Directions for this task:
Pick out each line of the records in which the word "inter" appears.

Available data:

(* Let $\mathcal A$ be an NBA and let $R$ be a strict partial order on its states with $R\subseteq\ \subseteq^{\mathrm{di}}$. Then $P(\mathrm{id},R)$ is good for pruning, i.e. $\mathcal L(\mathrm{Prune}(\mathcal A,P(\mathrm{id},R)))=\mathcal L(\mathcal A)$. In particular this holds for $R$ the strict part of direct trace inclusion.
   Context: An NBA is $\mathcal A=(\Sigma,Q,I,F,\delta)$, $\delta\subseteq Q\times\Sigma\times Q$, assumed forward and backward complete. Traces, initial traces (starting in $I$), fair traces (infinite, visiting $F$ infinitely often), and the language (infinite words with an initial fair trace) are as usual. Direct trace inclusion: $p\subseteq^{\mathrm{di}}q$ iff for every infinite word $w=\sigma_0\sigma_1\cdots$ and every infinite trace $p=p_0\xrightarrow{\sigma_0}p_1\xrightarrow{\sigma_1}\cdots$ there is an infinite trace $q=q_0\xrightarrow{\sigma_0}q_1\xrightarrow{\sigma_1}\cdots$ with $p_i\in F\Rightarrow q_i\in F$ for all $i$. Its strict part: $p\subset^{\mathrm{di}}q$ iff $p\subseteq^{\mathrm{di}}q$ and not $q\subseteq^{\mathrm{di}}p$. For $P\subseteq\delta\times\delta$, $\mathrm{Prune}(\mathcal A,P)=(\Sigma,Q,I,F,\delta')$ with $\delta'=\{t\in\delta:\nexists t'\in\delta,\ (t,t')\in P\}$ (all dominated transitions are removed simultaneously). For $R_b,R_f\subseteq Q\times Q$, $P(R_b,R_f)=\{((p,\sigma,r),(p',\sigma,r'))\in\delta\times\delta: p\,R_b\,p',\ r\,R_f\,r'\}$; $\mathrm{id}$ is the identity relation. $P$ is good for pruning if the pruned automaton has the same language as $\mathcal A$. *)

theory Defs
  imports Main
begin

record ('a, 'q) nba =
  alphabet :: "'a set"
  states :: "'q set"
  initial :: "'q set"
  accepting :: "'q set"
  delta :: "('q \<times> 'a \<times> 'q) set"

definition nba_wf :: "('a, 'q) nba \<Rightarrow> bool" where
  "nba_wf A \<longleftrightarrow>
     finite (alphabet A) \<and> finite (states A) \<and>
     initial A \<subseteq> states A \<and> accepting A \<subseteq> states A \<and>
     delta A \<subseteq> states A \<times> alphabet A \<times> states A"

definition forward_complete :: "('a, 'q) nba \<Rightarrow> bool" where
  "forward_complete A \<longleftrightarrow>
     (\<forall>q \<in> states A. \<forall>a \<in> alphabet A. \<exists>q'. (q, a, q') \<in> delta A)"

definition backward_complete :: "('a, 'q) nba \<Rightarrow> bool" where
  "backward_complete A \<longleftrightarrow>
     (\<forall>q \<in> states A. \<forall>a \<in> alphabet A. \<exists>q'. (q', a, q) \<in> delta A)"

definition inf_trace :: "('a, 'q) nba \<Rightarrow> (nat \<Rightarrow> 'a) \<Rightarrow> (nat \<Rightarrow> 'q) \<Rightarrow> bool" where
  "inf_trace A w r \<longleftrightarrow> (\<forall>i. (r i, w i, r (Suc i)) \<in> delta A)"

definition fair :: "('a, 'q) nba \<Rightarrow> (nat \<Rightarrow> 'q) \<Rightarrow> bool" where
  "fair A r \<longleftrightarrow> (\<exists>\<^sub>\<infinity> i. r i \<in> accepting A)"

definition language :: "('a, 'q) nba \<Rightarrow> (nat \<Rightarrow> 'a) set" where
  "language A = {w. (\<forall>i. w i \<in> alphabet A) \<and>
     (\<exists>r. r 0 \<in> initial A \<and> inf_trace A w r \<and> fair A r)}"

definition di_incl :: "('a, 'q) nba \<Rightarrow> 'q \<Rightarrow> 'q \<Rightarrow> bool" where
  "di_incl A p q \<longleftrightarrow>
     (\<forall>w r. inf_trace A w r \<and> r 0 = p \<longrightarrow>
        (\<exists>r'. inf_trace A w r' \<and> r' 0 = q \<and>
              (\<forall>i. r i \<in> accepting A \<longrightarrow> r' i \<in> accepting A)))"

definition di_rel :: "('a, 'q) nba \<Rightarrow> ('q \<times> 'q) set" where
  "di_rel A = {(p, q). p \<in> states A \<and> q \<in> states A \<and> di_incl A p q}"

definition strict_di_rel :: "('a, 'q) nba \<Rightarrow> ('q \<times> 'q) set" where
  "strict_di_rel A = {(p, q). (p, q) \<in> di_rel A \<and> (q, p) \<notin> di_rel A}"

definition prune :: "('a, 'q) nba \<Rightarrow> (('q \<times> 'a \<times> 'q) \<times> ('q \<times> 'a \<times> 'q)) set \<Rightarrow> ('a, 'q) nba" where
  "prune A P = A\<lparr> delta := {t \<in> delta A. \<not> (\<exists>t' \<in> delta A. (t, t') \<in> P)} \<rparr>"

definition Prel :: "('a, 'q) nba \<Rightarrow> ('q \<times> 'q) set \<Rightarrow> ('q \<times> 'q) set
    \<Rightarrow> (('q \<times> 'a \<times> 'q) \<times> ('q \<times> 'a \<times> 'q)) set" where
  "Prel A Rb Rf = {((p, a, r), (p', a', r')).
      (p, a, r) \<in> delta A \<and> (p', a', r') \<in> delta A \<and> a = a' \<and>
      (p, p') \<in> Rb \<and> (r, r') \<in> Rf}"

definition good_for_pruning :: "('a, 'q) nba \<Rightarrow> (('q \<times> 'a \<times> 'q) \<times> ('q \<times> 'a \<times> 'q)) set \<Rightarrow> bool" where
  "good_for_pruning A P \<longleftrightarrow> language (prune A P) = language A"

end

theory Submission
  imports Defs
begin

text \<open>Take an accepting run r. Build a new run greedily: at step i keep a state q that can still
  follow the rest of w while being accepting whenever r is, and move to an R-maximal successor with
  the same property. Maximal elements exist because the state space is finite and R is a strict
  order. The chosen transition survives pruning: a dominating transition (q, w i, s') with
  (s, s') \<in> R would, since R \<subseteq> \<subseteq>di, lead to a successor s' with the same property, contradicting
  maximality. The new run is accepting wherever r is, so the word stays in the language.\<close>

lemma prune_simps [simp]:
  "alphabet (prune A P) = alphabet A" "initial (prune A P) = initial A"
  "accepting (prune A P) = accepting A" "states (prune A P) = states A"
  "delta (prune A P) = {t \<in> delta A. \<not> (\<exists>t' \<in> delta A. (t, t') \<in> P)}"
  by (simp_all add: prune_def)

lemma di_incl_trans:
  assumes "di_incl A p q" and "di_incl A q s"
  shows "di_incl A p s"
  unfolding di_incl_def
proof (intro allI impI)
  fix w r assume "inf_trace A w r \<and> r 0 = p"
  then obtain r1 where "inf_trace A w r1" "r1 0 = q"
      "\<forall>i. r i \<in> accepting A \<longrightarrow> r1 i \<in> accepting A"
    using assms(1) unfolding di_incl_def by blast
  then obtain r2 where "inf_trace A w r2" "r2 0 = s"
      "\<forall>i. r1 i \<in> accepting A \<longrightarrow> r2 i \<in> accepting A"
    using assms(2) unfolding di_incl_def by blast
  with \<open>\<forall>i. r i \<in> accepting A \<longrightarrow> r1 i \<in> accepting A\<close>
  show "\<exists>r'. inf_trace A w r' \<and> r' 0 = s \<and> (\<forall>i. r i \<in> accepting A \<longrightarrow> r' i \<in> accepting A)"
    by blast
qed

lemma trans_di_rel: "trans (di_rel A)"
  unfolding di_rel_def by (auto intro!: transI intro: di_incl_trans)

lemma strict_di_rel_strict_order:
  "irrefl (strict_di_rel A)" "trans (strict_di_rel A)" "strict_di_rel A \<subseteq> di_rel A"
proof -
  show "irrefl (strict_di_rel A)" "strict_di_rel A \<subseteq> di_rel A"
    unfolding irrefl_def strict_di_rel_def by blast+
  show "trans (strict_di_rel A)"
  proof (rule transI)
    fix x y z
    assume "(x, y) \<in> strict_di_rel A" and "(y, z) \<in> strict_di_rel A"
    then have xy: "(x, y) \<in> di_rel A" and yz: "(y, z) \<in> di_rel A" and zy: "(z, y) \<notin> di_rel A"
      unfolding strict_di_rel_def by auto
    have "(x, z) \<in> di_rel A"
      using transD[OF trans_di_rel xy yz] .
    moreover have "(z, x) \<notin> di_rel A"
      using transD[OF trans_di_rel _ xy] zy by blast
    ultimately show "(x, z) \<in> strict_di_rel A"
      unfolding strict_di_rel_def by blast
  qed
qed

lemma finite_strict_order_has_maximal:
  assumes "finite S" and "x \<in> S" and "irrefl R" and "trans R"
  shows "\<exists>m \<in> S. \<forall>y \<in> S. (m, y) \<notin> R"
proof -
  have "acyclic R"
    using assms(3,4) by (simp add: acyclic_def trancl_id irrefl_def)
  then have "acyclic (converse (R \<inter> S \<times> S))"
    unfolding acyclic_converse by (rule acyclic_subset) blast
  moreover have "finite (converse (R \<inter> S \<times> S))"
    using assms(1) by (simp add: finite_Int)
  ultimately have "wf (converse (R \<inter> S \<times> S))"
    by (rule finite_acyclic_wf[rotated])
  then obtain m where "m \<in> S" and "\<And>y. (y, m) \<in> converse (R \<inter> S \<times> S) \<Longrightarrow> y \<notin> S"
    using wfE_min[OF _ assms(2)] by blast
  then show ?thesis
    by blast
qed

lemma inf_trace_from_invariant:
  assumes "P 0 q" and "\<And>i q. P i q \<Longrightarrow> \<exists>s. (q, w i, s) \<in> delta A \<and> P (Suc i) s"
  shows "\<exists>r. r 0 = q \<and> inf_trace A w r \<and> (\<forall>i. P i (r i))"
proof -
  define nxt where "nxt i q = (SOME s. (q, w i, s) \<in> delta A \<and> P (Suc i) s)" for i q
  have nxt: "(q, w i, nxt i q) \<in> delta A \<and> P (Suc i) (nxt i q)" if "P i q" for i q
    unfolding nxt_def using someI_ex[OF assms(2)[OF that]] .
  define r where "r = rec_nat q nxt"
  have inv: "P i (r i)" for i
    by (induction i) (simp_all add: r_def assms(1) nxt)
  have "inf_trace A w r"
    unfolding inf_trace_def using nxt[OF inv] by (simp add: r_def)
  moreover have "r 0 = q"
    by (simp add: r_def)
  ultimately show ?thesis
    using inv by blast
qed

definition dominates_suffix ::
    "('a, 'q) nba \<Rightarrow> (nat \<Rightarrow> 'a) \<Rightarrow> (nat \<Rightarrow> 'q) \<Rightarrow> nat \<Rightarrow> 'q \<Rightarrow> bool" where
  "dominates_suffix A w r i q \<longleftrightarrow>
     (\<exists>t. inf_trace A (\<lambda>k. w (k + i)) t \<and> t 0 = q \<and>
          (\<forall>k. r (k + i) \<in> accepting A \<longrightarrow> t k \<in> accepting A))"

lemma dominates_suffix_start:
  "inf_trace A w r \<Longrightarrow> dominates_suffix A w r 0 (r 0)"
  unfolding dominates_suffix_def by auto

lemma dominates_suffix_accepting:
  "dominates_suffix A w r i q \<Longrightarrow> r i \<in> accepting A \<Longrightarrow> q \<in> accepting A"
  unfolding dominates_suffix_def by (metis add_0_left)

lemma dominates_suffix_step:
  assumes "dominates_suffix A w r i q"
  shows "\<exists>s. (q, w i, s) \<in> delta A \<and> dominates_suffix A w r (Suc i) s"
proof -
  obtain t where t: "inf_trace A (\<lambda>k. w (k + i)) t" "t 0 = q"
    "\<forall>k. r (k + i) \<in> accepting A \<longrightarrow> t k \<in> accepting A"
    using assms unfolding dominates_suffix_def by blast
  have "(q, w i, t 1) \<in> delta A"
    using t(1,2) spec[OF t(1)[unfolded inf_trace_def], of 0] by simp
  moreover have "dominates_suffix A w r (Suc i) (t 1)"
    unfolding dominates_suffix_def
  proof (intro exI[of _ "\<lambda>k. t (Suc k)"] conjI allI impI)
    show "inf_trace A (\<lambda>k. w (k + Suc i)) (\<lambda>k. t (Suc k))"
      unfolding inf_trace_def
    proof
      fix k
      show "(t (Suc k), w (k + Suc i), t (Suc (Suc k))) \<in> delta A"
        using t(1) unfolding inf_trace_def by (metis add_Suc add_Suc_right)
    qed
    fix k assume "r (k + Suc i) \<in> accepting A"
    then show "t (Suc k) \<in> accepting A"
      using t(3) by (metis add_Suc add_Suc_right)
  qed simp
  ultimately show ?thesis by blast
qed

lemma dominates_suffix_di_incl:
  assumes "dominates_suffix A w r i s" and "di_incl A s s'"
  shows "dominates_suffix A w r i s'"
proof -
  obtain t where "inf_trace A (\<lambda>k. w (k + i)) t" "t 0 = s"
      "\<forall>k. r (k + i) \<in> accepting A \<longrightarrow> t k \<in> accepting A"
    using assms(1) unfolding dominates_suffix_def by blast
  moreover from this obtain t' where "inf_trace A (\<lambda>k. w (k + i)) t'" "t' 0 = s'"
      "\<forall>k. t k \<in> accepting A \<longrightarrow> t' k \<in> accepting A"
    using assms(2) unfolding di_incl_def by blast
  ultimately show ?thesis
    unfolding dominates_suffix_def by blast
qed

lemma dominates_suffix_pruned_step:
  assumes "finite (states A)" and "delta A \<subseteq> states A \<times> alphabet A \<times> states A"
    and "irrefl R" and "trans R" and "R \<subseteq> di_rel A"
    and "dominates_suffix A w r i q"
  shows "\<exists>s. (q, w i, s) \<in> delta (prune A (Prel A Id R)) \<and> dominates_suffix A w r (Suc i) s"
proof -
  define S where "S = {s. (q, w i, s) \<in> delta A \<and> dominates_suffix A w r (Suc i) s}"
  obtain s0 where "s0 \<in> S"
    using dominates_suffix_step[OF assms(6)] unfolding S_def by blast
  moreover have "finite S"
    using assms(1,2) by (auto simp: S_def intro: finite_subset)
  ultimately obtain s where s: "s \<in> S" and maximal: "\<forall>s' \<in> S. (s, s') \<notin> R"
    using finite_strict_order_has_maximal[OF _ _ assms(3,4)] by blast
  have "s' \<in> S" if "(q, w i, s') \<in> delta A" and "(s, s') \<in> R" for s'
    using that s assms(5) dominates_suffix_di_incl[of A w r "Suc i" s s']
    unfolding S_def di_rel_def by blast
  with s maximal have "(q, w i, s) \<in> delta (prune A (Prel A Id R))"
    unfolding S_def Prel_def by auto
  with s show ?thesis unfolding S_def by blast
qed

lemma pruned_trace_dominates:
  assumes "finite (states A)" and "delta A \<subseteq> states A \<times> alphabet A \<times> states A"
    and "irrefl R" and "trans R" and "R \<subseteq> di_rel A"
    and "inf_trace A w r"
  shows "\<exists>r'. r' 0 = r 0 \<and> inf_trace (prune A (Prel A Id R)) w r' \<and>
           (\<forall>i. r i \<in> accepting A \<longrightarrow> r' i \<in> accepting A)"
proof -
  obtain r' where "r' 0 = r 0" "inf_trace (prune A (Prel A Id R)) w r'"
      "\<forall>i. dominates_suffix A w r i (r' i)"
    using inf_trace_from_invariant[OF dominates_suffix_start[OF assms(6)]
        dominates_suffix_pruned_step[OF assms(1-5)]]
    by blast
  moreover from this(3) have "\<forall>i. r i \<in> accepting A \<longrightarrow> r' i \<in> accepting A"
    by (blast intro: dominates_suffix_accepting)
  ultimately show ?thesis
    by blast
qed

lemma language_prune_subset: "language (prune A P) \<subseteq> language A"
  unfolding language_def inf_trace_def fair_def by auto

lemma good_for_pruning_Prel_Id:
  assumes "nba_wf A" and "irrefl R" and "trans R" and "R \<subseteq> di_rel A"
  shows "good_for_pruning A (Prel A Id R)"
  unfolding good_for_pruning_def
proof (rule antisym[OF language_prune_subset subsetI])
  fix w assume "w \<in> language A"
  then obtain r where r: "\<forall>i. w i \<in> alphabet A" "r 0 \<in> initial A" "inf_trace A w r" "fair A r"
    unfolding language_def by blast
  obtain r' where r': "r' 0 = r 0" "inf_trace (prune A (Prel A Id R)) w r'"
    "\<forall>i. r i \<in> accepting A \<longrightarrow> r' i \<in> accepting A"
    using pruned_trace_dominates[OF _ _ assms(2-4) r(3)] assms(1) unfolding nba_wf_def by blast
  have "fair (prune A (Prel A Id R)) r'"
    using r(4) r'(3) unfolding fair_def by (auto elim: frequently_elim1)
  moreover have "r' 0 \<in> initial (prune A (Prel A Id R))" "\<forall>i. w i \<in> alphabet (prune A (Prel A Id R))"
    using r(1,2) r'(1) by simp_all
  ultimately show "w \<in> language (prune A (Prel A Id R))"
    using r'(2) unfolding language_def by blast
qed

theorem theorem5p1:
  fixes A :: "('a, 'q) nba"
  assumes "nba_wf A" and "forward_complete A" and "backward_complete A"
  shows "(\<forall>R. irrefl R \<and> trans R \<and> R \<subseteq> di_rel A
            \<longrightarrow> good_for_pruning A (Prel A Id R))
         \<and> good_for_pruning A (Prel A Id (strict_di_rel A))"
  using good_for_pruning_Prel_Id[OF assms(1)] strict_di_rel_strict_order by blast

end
* * *
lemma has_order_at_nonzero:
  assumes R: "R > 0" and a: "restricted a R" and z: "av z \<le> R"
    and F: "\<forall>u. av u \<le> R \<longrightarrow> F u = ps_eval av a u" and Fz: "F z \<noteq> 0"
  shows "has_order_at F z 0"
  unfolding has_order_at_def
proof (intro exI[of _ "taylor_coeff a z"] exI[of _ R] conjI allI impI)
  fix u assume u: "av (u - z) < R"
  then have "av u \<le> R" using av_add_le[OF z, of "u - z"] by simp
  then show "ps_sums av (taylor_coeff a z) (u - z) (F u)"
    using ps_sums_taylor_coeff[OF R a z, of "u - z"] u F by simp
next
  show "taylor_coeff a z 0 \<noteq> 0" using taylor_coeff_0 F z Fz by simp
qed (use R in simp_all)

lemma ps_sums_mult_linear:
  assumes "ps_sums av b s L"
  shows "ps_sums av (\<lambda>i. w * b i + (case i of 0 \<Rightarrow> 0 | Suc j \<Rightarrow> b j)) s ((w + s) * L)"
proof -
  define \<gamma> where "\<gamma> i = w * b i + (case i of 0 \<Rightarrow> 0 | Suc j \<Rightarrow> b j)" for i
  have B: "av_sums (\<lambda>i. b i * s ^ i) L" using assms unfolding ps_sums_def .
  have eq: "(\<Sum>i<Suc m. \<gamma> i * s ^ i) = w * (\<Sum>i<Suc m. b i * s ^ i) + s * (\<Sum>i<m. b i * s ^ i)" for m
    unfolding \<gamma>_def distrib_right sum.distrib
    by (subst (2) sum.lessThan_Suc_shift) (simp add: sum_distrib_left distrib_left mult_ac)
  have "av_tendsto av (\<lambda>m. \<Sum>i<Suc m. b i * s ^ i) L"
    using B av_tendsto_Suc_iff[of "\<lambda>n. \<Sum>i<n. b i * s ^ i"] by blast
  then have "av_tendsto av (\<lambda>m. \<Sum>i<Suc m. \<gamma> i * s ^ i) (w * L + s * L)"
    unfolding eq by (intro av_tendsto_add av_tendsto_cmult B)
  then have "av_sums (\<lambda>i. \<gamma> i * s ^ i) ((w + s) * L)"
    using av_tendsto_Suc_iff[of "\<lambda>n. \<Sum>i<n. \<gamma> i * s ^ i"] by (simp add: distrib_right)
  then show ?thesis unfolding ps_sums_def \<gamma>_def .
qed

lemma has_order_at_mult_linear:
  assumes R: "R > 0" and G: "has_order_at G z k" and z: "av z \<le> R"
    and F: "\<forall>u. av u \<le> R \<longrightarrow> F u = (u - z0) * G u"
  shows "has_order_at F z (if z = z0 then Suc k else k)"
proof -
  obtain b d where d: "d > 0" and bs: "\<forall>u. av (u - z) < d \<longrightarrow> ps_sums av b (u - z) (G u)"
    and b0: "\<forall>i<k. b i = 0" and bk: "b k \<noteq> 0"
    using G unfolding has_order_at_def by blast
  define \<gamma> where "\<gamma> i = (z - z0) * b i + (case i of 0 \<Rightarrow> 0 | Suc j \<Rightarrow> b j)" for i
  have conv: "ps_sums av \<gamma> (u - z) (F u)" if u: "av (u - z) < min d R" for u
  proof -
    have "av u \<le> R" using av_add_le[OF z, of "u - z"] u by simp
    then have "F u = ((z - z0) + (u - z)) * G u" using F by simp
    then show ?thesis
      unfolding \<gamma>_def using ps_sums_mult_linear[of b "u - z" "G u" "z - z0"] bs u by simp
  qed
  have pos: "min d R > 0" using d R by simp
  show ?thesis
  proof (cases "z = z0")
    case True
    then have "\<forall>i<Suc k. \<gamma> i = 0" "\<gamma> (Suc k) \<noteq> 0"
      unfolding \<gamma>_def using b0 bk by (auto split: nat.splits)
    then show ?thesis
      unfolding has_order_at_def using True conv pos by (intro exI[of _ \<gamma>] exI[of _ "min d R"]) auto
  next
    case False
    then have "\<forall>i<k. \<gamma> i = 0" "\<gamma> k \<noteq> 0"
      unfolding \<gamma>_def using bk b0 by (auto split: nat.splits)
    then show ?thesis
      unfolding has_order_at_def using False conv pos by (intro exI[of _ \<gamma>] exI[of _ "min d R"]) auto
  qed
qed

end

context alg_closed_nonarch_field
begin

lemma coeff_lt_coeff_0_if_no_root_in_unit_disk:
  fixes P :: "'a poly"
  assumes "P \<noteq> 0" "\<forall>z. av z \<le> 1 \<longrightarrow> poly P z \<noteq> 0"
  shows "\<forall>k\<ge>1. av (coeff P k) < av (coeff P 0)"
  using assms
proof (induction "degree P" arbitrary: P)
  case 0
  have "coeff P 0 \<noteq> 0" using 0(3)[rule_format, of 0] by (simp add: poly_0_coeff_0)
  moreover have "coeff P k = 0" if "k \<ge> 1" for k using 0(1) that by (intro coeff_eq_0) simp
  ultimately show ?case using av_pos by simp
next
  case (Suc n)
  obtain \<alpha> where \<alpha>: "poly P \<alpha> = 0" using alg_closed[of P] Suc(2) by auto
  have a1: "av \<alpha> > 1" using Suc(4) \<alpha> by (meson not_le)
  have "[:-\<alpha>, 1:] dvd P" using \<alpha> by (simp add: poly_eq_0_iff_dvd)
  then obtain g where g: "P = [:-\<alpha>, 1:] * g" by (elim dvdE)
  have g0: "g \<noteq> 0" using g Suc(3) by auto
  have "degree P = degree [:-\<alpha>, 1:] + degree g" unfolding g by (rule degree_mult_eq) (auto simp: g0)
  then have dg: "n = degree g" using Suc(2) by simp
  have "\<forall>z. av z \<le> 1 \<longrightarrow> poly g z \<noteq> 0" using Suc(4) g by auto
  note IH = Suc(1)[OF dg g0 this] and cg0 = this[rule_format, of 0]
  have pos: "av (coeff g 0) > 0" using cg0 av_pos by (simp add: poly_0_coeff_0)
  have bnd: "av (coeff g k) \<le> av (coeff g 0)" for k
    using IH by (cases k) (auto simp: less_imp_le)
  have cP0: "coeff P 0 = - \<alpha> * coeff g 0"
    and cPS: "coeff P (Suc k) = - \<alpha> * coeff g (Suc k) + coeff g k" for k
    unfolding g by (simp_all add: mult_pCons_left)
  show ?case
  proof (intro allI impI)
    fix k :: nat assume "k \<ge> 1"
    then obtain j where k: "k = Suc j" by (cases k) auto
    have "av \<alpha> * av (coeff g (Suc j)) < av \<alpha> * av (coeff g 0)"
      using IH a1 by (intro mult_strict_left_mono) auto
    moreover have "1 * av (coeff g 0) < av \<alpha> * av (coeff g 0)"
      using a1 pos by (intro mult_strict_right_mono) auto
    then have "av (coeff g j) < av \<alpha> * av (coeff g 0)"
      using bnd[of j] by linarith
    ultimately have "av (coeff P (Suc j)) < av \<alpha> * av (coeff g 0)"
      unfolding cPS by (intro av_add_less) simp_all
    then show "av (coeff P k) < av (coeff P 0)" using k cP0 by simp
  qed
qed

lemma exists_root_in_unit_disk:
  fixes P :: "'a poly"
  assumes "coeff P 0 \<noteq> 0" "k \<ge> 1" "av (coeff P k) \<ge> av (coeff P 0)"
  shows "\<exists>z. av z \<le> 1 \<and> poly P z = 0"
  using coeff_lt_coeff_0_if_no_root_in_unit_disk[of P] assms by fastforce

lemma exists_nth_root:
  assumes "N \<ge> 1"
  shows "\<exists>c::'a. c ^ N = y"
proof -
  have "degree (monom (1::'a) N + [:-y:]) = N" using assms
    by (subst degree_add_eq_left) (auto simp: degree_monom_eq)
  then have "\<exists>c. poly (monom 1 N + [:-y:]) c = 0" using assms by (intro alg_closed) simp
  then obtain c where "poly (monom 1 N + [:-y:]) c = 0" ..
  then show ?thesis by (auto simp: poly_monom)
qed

Your solution:
  then have "acyclic (converse (R \<inter> S \<times> S))"
  moreover have "finite (converse (R \<inter> S \<times> S))"
  ultimately have "wf (converse (R \<inter> S \<times> S))"
  then obtain m where "m \<in> S" and "\<And>y. (y, m) \<in> converse (R \<inter> S \<times> S) \<Longrightarrow> y \<notin> S"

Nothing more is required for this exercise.